Voici le témoignage de Leslie Lucien, sur son allaitement:
Allaiter,
Te nourrir,
Te donner le
sein,
Ces mots
continuent de résonner en moi plusieurs années après t’avoir
sevrée.
J’avais imaginé
beaucoup de choses en choisissant de t’allaiter mais pas que je
garderai si longtemps le bonheur de la sensation de ta bouche sur mon
sein.
Comme un
prolongement de ce lien si fort qui nous unissait quand tu étais
encore dans mon ventre.
Je me souviens de
ta naissance, tes premiers instants de vie, tes yeux encore clos puis
qui s’ouvrent, immenses, un premier regard intense, profond, tes
yeux qui découvrent le monde pour la première fois, et la première
fois que tu les ouvres c’est pour les poser sur moi. Je suis ton
monde, tu deviens le mien.
Et puis
rapidement, il y a ta bouche sur mon sein.
La première
fois, ta langue sur mon mamelon, cette petite langue qui lape mon
sein semblant ne pas trop savoir quoi en faire.
Puis quelques
minutes plus tard, ce premier instant où je ressens la force de ta
succion.
Tu tètes.
Je sens mon sein
que tu aspires.
Tu sais faire mon
bébé.
Je sens les
gouttes de mon colostrum qui commencent à couler dans ta bouche.
On s’apprivoise.
Au fil des jours,
tu continues de téter et le lait commence à venir, je le vois, je
l’entends, je fais taire les petites voix dans ma tête qui me
disent « je ne peux rien quantifier » « est ce que
j’aurais assez de lait pour toi mon bébé ? »
Je me rappelle
cette montée de lait si intense, mon opulente poitrine, la tension
dans mes deux seins. Ce besoin irrépressible que tu tètes pour me
soulager comme une évidence encore une fois.
À chaque tétée,
je sens tes lèvres sur ma peau, mais aussi ton regard sur moi, tout
ton petit corps chaud, parfois lourd quand il s’abandonne après
une tétée, repue par tant de lait, par tant d’amour.
Les jours
passent, je t’observe, tes joues et tes pyjamas se remplissent,
j’apprends à me faire confiance, à te faire confiance, à nous
faire confiance.
Ne pas écouter
les mots de ceux qui me disent « elle tète trop souvent ta fille »

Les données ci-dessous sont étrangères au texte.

(* Fix $\alpha>0$. As $\Gamma\to\infty$, \[ 2\cdot\max\left\{ \sup_{0\leq\rho\leq1}\frac{\alpha E_{0}(\rho,\Gamma)}{\rho+\alpha},\ \sup_{\rho\geq1}\frac{\alpha E_{x}(\rho,\Gamma)}{\rho+\alpha}\right\} =[1+o(1)]\cdot\alpha\log(\Gamma), \] where $E_{0}(\rho,\Gamma)=\frac{1}{2}\left[(1-\beta_{0})(1+\rho)+\Gamma+\log\left(\beta_{0}-\frac{\Gamma}{1+\rho}\right)+\rho\log(\beta_{0})\right]$, $\beta_{0}=\frac{1}{2}\left(1+\frac{\Gamma}{1+\rho}\right)\left[1+\sqrt{1-\frac{4\Gamma\rho}{(1+\rho+\Gamma)^{2}}}\right]$, $E_{x}(\rho,\Gamma)=(1-\beta_{x})\rho+\frac{\Gamma}{2}+\frac{\rho}{2}\log\left[\beta_{x}\left(\beta_{x}-\frac{\Gamma}{2\rho}\right)\right]$, $\beta_{x}=\frac{1}{2}+\frac{\Gamma}{4\rho}+\frac{1}{2}\sqrt{1+\frac{\Gamma^{2}}{4\rho^{2}}}$.
   Context: The left-hand side is the paper's achievability (lower) bound on the optimal MP$\alpha$E exponent per unit bandwidth $F_\alpha(\Gamma)$ for conveying a parameter over a band-limited AWGN channel at SNR $\Gamma$; $E_0$ and $E_x$ are Gallager's random-coding and expurgated functions for the Gaussian channel. Logarithms are natural. *)

theory Defs
  imports Complex_Main "HOL-Library.Landau_Symbols"
begin

text \<open>Gallager's random-coding exponent for the Gaussian channel (natural logs).\<close>
definition beta0 :: "real \<Rightarrow> real \<Rightarrow> real" where
  "beta0 \<rho> \<Gamma> = (1/2) * (1 + \<Gamma> / (1 + \<rho>)) *
      (1 + sqrt (1 - 4 * \<Gamma> * \<rho> / (1 + \<rho> + \<Gamma>)^2))"

definition E0 :: "real \<Rightarrow> real \<Rightarrow> real" where
  "E0 \<rho> \<Gamma> = (1/2) * ((1 - beta0 \<rho> \<Gamma>) * (1 + \<rho>) + \<Gamma>
      + ln (beta0 \<rho> \<Gamma> - \<Gamma> / (1 + \<rho>)) + \<rho> * ln (beta0 \<rho> \<Gamma>))"

definition betax :: "real \<Rightarrow> real \<Rightarrow> real" where
  "betax \<rho> \<Gamma> = 1/2 + \<Gamma> / (4 * \<rho>) + (1/2) * sqrt (1 + \<Gamma>^2 / (4 * \<rho>^2))"

definition Ex :: "real \<Rightarrow> real \<Rightarrow> real" where
  "Ex \<rho> \<Gamma> = (1 - betax \<rho> \<Gamma>) * \<rho> + \<Gamma> / 2
      + (\<rho> / 2) * ln (betax \<rho> \<Gamma> * (betax \<rho> \<Gamma> - \<Gamma> / (2 * \<rho>)))"

text \<open>The achievability (lower) bound on the MP-alpha-E exponent per unit bandwidth.\<close>
definition F_lower :: "real \<Rightarrow> real \<Rightarrow> real" where
  "F_lower \<alpha> \<Gamma> = 2 * max (SUP \<rho>\<in>{0..1}. \<alpha> * E0 \<rho> \<Gamma> / (\<rho> + \<alpha>))
                             (SUP \<rho>\<in>{1..}. \<alpha> * Ex \<rho> \<Gamma> / (\<rho> + \<alpha>))"

end

theory Submission
  imports Defs "HOL-Real_Asymp.Real_Asymp"
begin

text \<open>
  Both exponents grow like \<open>(\<rho>/2) ln \<Gamma>\<close>: up to bounded terms, \<open>E0 \<rho> \<Gamma>\<close> and
  \<open>Ex \<rho> \<Gamma>\<close> lie between \<open>(\<rho>/2) ln (\<Gamma>/(4\<rho>))\<close> and \<open>(\<rho>/2) ln (1 + \<Gamma>)\<close>.
  Since the weight \<open>\<alpha>\<rho>/(\<rho>+\<alpha>)\<close> stays below \<open>\<alpha>\<close> uniformly in \<open>\<rho>\<close>, the upper
  bound gives \<open>F_lower \<alpha> \<Gamma> \<le> \<alpha> ln \<Gamma> + O(1)\<close>. For the lower bound, evaluating the
  expurgated term at \<open>\<rho> = ln \<Gamma>\<close> makes the weight tend to \<open>\<alpha>\<close> and
  \<open>ln (\<Gamma>/(4\<rho>))/ln \<Gamma>\<close> tend to \<open>1\<close>.
\<close>

lemma betax_eq:
  assumes "\<rho> > 0"
  shows "betax \<rho> \<Gamma> = (1 + \<Gamma> / (2*\<rho>) + sqrt (1 + (\<Gamma> / (2*\<rho>))\<^sup>2)) / 2"
  unfolding betax_def using assms by (simp add: power_divide field_simps)

lemma Ex_eq:
  fixes \<rho> \<Gamma> :: real
  assumes "\<rho> > 0"
  defines "t \<equiv> \<Gamma> / (2*\<rho>)"
  defines "s \<equiv> sqrt (1 + t\<^sup>2)"
  shows "Ex \<rho> \<Gamma> = \<rho> / 2 * (1 + t - s + ln ((1 + s) / 2))"
proof -
  have beta: "betax \<rho> \<Gamma> = (1 + t + s) / 2"
    unfolding betax_eq[OF assms(1)] s_def t_def ..
  have "s\<^sup>2 = 1 + t\<^sup>2"
    unfolding s_def by simp
  then have product: "betax \<rho> \<Gamma> * (betax \<rho> \<Gamma> - \<Gamma> / (2*\<rho>)) = (1 + s) / 2"
    unfolding beta t_def[symmetric] by (simp add: field_simps power2_eq_square)
  have "\<Gamma> / 2 = \<rho> * t"
    unfolding t_def using assms(1) by simp
  then show ?thesis
    unfolding Ex_def product unfolding beta by (simp add: field_simps)
qed

lemma Ex_le:
  assumes "\<rho> \<ge> 1" "\<Gamma> \<ge> 0"
  shows "Ex \<rho> \<Gamma> \<le> \<rho> / 2 * (1 + ln (1 + \<Gamma>))"
proof -
  define t where "t = \<Gamma> / (2*\<rho>)"
  define s where "s = sqrt (1 + t\<^sup>2)"
  have "\<rho> > 0"
    using assms by simp
  have "\<Gamma> \<le> \<Gamma> * (2*\<rho>)"
    using assms by (simp add: mult_le_cancel_left1)
  then have "t \<ge> 0" "t \<le> \<Gamma>"
    unfolding t_def using assms by (auto simp: field_simps)
  moreover have "t \<le> s"
    unfolding s_def by (rule real_le_rsqrt) simp
  moreover have "s \<le> 1 + t"
    unfolding s_def using \<open>t \<ge> 0\<close> by (intro real_le_lsqrt) (auto simp: power2_eq_square algebra_simps)
  ultimately have "ln ((1 + s) / 2) \<le> ln (1 + \<Gamma>)" "1 + t - s \<le> 1"
    by simp_all
  then have "1 + t - s + ln ((1 + s) / 2) \<le> 1 + ln (1 + \<Gamma>)"
    by linarith
  then show ?thesis
    unfolding Ex_eq[OF \<open>\<rho> > 0\<close>] using assms by (simp flip: s_def t_def)
qed

lemma Ex_ge:
  assumes "\<rho> > 0" "\<Gamma> > 0"
  shows "\<rho> / 2 * ln (\<Gamma> / (4*\<rho>)) \<le> Ex \<rho> \<Gamma>"
proof -
  define t where "t = \<Gamma> / (2*\<rho>)"
  define s where "s = sqrt (1 + t\<^sup>2)"
  have "t > 0"
    unfolding t_def using assms by simp
  moreover have "t \<le> s"
    unfolding s_def by (rule real_le_rsqrt) simp
  moreover have "s \<le> 1 + t"
    unfolding s_def using \<open>t > 0\<close> by (intro real_le_lsqrt) (auto simp: power2_eq_square algebra_simps)
  moreover have "\<Gamma> / (4*\<rho>) = t / 2"
    unfolding t_def by simp
  ultimately have "ln (\<Gamma> / (4*\<rho>)) \<le> ln ((1 + s) / 2)" "0 \<le> 1 + t - s"
    by simp_all
  then have "ln (\<Gamma> / (4*\<rho>)) \<le> 1 + t - s + ln ((1 + s) / 2)"
    by linarith
  then show ?thesis
    unfolding Ex_eq[OF assms(1)] using assms by (simp flip: s_def t_def)
qed

lemma beta0_eq:
  fixes \<rho> \<Gamma> :: real
  assumes "\<rho> \<ge> 0" "\<Gamma> \<ge> 0"
  defines "a \<equiv> 1 + \<rho>"
  defines "D \<equiv> sqrt ((\<Gamma> - a)\<^sup>2 + 4*\<Gamma>)"
  shows "beta0 \<rho> \<Gamma> = (a + \<Gamma> + D) / (2*a)"
proof -
  have pos: "a > 0" "a + \<Gamma> > 0"
    unfolding a_def using assms by auto
  have "(a + \<Gamma>)\<^sup>2 - 4 * \<Gamma> * \<rho> = (\<Gamma> - a)\<^sup>2 + 4*\<Gamma>"
    unfolding a_def by (simp add: power2_eq_square algebra_simps)
  moreover have "1 - 4 * \<Gamma> * \<rho> / (a + \<Gamma>)\<^sup>2 = ((a + \<Gamma>)\<^sup>2 - 4 * \<Gamma> * \<rho>) / (a + \<Gamma>)\<^sup>2"
    using pos by (simp add: field_simps)
  ultimately have "1 - 4 * \<Gamma> * \<rho> / (a + \<Gamma>)\<^sup>2 = ((\<Gamma> - a)\<^sup>2 + 4*\<Gamma>) / (a + \<Gamma>)\<^sup>2"
    by simp
  then have "sqrt (1 - 4 * \<Gamma> * \<rho> / (a + \<Gamma>)\<^sup>2) = D / (a + \<Gamma>)"
    unfolding D_def using pos by (simp add: real_sqrt_divide)
  then show ?thesis
    unfolding beta0_def a_def[symmetric] add.assoc[symmetric] using pos
    by (simp add: field_simps)
qed

lemma E0_le:
  assumes "\<rho> \<ge> 0" "\<Gamma> > 0"
  shows "E0 \<rho> \<Gamma> \<le> (1 + \<rho>) / 2 + \<rho> / 2 * ln (1 + \<Gamma>)"
proof -
  define a where "a = 1 + \<rho>"
  define D where "D = sqrt ((\<Gamma> - a)\<^sup>2 + 4*\<Gamma>)"
  have beta: "beta0 \<rho> \<Gamma> = (a + \<Gamma> + D) / (2*a)"
    unfolding a_def D_def using assms by (intro beta0_eq) auto
  have a: "a \<ge> 1"
    unfolding a_def using assms by simp
  have "D \<le> a + \<Gamma>"
    unfolding D_def using a assms
    by (intro real_le_lsqrt) (auto simp: power2_eq_square algebra_simps)
  have "D > \<bar>\<Gamma> - a\<bar>"
    unfolding D_def using assms by (intro real_less_rsqrt) simp
  have "(1 - beta0 \<rho> \<Gamma>) * (1 + \<rho>) + \<Gamma> = (a + \<Gamma> - D) / 2"
    unfolding beta a_def[symmetric] using a by (simp add: field_simps)
  also have "\<dots> \<le> a"
    using \<open>D > \<bar>\<Gamma> - a\<bar>\<close> by simp
  finally have first: "(1 - beta0 \<rho> \<Gamma>) * (1 + \<rho>) + \<Gamma> \<le> a" .
  have "beta0 \<rho> \<Gamma> - \<Gamma> / (1 + \<rho>) = (a - \<Gamma> + D) / (2*a)"
    unfolding beta a_def[symmetric] using a by (simp add: field_simps)
  moreover have "0 < (a - \<Gamma> + D) / (2*a)" "(a - \<Gamma> + D) / (2*a) \<le> 1"
    using \<open>D \<le> a + \<Gamma>\<close> \<open>D > \<bar>\<Gamma> - a\<bar>\<close> a by (auto simp: field_simps)
  ultimately have second: "ln (beta0 \<rho> \<Gamma> - \<Gamma> / (1 + \<rho>)) \<le> 0"
    by simp
  have "\<Gamma> \<le> \<Gamma> * a"
    using a assms(2) by simp
  then have "a + \<Gamma> + D \<le> (1 + \<Gamma>) * (2*a)"
    using \<open>D \<le> a + \<Gamma>\<close> by (simp add: algebra_simps)
  then have "beta0 \<rho> \<Gamma> \<le> 1 + \<Gamma>"
    unfolding beta using a by (simp add: pos_divide_le_eq)
  moreover have "beta0 \<rho> \<Gamma> > 0"
    unfolding beta using a \<open>D > \<bar>\<Gamma> - a\<bar>\<close> assms(2) by simp
  ultimately have third: "\<rho> / 2 * ln (beta0 \<rho> \<Gamma>) \<le> \<rho> / 2 * ln (1 + \<Gamma>)"
    using assms by (intro mult_left_mono) auto
  have "E0 \<rho> \<Gamma> = ((1 - beta0 \<rho> \<Gamma>) * (1 + \<rho>) + \<Gamma>) / 2
      + ln (beta0 \<rho> \<Gamma> - \<Gamma> / (1 + \<rho>)) / 2 + \<rho> / 2 * ln (beta0 \<rho> \<Gamma>)"
    unfolding E0_def by simp
  with first second third show ?thesis
    unfolding a_def by argo
qed

lemma weighted_exponent_le:
  fixes \<alpha> \<rho> E L :: real
  assumes "\<alpha> > 0" "\<rho> \<ge> 0" "L \<ge> 0" "E \<le> (1 + \<rho>) / 2 + \<rho> / 2 * L"
  shows "\<alpha> * E / (\<rho> + \<alpha>) \<le> (1 + \<alpha>) / 2 + \<alpha> / 2 * L"
proof -
  have "\<alpha> * E \<le> \<alpha> * ((1 + \<rho>) / 2 + \<rho> / 2 * L)"
    using assms by (intro mult_left_mono) auto
  also have "\<dots> \<le> ((1 + \<alpha>) / 2 + \<alpha> / 2 * L) * (\<rho> + \<alpha>)"
  proof -
    have "((1 + \<alpha>) / 2 + \<alpha> / 2 * L) * (\<rho> + \<alpha>) - \<alpha> * ((1 + \<rho>) / 2 + \<rho> / 2 * L)
        = (\<rho> + \<alpha> * \<alpha> + \<alpha> * \<alpha> * L) / 2"
      by (simp add: field_simps)
    moreover have "0 \<le> \<rho> + \<alpha> * \<alpha> + \<alpha> * \<alpha> * L"
      using assms by simp
    ultimately show ?thesis
      by argo
  qed
  finally show ?thesis
    using assms by (simp add: pos_divide_le_eq)
qed

lemma E0_weighted_le:
  assumes "\<alpha> > 0" "\<Gamma> > 0" "\<rho> \<ge> 0"
  shows "\<alpha> * E0 \<rho> \<Gamma> / (\<rho> + \<alpha>) \<le> (1 + \<alpha>) / 2 + \<alpha> / 2 * ln (1 + \<Gamma>)"
  using assms E0_le[of \<rho> \<Gamma>] by (intro weighted_exponent_le) auto

lemma Ex_weighted_le:
  assumes "\<alpha> > 0" "\<Gamma> > 0" "\<rho> \<ge> 1"
  shows "\<alpha> * Ex \<rho> \<Gamma> / (\<rho> + \<alpha>) \<le> (1 + \<alpha>) / 2 + \<alpha> / 2 * ln (1 + \<Gamma>)"
  using assms Ex_le[of \<rho> \<Gamma>] by (intro weighted_exponent_le) (auto simp: field_simps)

lemma F_lower_le:
  assumes "\<alpha> > 0" "\<Gamma> > 0"
  shows "F_lower \<alpha> \<Gamma> \<le> 1 + \<alpha> + \<alpha> * ln (1 + \<Gamma>)"
proof -
  have "(SUP \<rho>\<in>{0..1}. \<alpha> * E0 \<rho> \<Gamma> / (\<rho> + \<alpha>)) \<le> (1 + \<alpha>) / 2 + \<alpha> / 2 * ln (1 + \<Gamma>)"
    using assms by (intro cSUP_least E0_weighted_le) auto
  moreover have "(SUP \<rho>\<in>{1..}. \<alpha> * Ex \<rho> \<Gamma> / (\<rho> + \<alpha>)) \<le> (1 + \<alpha>) / 2 + \<alpha> / 2 * ln (1 + \<Gamma>)"
    using assms by (intro cSUP_least Ex_weighted_le) auto
  ultimately show ?thesis
    unfolding F_lower_def by (simp add: field_simps)
qed

lemma F_lower_ge:
  assumes "\<alpha> > 0" "\<Gamma> > 0" "\<rho> \<ge> 1"
  shows "\<alpha> * \<rho> / (\<rho> + \<alpha>) * ln (\<Gamma> / (4*\<rho>)) \<le> F_lower \<alpha> \<Gamma>"
proof -
  have "bdd_above ((\<lambda>\<rho>. \<alpha> * Ex \<rho> \<Gamma> / (\<rho> + \<alpha>)) ` {1..})"
    using Ex_weighted_le[OF assms(1,2)] by (intro bdd_aboveI2) auto
  then have "\<alpha> * Ex \<rho> \<Gamma> / (\<rho> + \<alpha>) \<le> (SUP \<rho>\<in>{1..}. \<alpha> * Ex \<rho> \<Gamma> / (\<rho> + \<alpha>))"
    using assms(3) by (intro cSUP_upper) auto
  moreover have "\<alpha> * (\<rho> / 2 * ln (\<Gamma> / (4*\<rho>))) / (\<rho> + \<alpha>) \<le> \<alpha> * Ex \<rho> \<Gamma> / (\<rho> + \<alpha>)"
    using Ex_ge[of \<rho> \<Gamma>] assms by (intro divide_right_mono mult_left_mono) auto
  moreover have "\<alpha> * (\<rho> / 2 * ln (\<Gamma> / (4*\<rho>))) / (\<rho> + \<alpha>)
      = \<alpha> * \<rho> / (\<rho> + \<alpha>) * ln (\<Gamma> / (4*\<rho>)) / 2"
    by (simp add: algebra_simps)
  moreover have "(SUP \<rho>\<in>{1..}. \<alpha> * Ex \<rho> \<Gamma> / (\<rho> + \<alpha>))
      \<le> max (SUP \<rho>\<in>{0..1}. \<alpha> * E0 \<rho> \<Gamma> / (\<rho> + \<alpha>)) (SUP \<rho>\<in>{1..}. \<alpha> * Ex \<rho> \<Gamma> / (\<rho> + \<alpha>))"
    by (rule max.cobounded2)
  ultimately show ?thesis
    unfolding F_lower_def by argo
qed

theorem mainTheorem6:
  fixes \<alpha> :: real
  assumes "\<alpha> > 0"
  shows "(\<lambda>\<Gamma>. F_lower \<alpha> \<Gamma>) \<sim>[at_top] (\<lambda>\<Gamma>. \<alpha> * ln \<Gamma>)"
proof (rule asymp_equiv_sandwich_real)
  show "(\<lambda>\<Gamma>. \<alpha> * ln \<Gamma> / (ln \<Gamma> + \<alpha>) * ln (\<Gamma> / (4 * ln \<Gamma>))) \<sim>[at_top] (\<lambda>\<Gamma>. \<alpha> * ln \<Gamma>)"
    using assms by real_asymp
  show "(\<lambda>\<Gamma>. 1 + \<alpha> + \<alpha> * ln (1 + \<Gamma>)) \<sim>[at_top] (\<lambda>\<Gamma>. \<alpha> * ln \<Gamma>)"
    using assms by real_asymp
  have "eventually (\<lambda>\<Gamma>::real. \<Gamma> \<ge> exp 1) at_top"
    by (rule eventually_ge_at_top)
  then show "\<forall>\<^sub>F \<Gamma> in at_top. F_lower \<alpha> \<Gamma> \<in>
      {\<alpha> * ln \<Gamma> / (ln \<Gamma> + \<alpha>) * ln (\<Gamma> / (4 * ln \<Gamma>)) .. 1 + \<alpha> + \<alpha> * ln (1 + \<Gamma>)}"
  proof eventually_elim
    case (elim \<Gamma>)
    then have "\<Gamma> > 0" "ln \<Gamma> \<ge> 1"
      using exp_gt_zero less_le_trans ln_ge_iff by blast+
    then show ?case
      using F_lower_ge[OF assms, of \<Gamma> "ln \<Gamma>"] F_lower_le[OF assms] by simp
  qed
qed

end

juste écouter mon corps et le tien, notre besoin chacune d’être
l’une contre l’autre, je te porte mais tu me portes aussi dans la
découverte de ma maternité, cette nouvelle femme que je suis en
train de devenir.
Dans notre
allaitement, il y aura de nombreux challenges, l’engorgement, mon
sein qui devient dur comme de la pierre, rougi par ce lait que ne
sort pas comme il faudrait; La fatigue, les moments de
découragements; La candidose, ces élancements permanents que rien
ne semblent soulager. Tes jours de fièvre, où je sens ta
bouche brûlante autour de mon sein frais, et pour moi la sensation
de t’offrir le meilleur dans ces moments où tu sembles si faible
mon bébé.
Sur mon chemin il
y aura ma consultante en lactation et le soutien de femmes
magnifiques dans une association de soutien à l’allaitement.
Car oui cet
allaitement c’est aussi de belles rencontres de femmes, de
sororité, des femmes qui m’ont transmis que je pouvais écouter
mon bébé, me mettre à sa hauteur.
Mes inquiétudes
de mère, ma peur de mal faire s’envolent au fil des mois.
Les mois ont
passé, nous avons traversé des moments si doux que notre
allaitement s’est installé dans le temps. Et puis
progressivement, un peu avant ta première rentrée à l’école
maternelle, j’ai senti que tu avais grandi, que j’avais envie de
retrouver mon corps rien qu’à moi, ne plus t’offrir mon lait car
tu grandissais et je sentais que nous passions à autre chose.
Ton sevrage s’est
fait en douceur et je ne me souviens plus vraiment d’une toute
dernière tétée.
Aujourd’hui, je me souviens de notre lien lacté, de ce fil tissé, un fil si fort et solide qu’il restera, j’en suis certaine, pour toute la vie.
[Auteure] : Leslie
Lucien
[Biographie] :
Transformée par l’expérience de la maternité, ainsi que par la
découverte de l’allaitement et du soutien de mère à mère au
sein d’une association de soutien à l’allaitement, elle décide
de se former en tant qu’auxiliaire de puériculture. À l’issue de
sa formation, elle choisit de travailler dans un centre de protection
maternel et infantile (PMI) parisien pour y soutenir les jeunes
parents.
En parallèle, elle accompagne aujourd’hui à Paris des futurs parents en tant que doula, accompagnante à la naissance, formée auprès de l’institut des Doulas de France.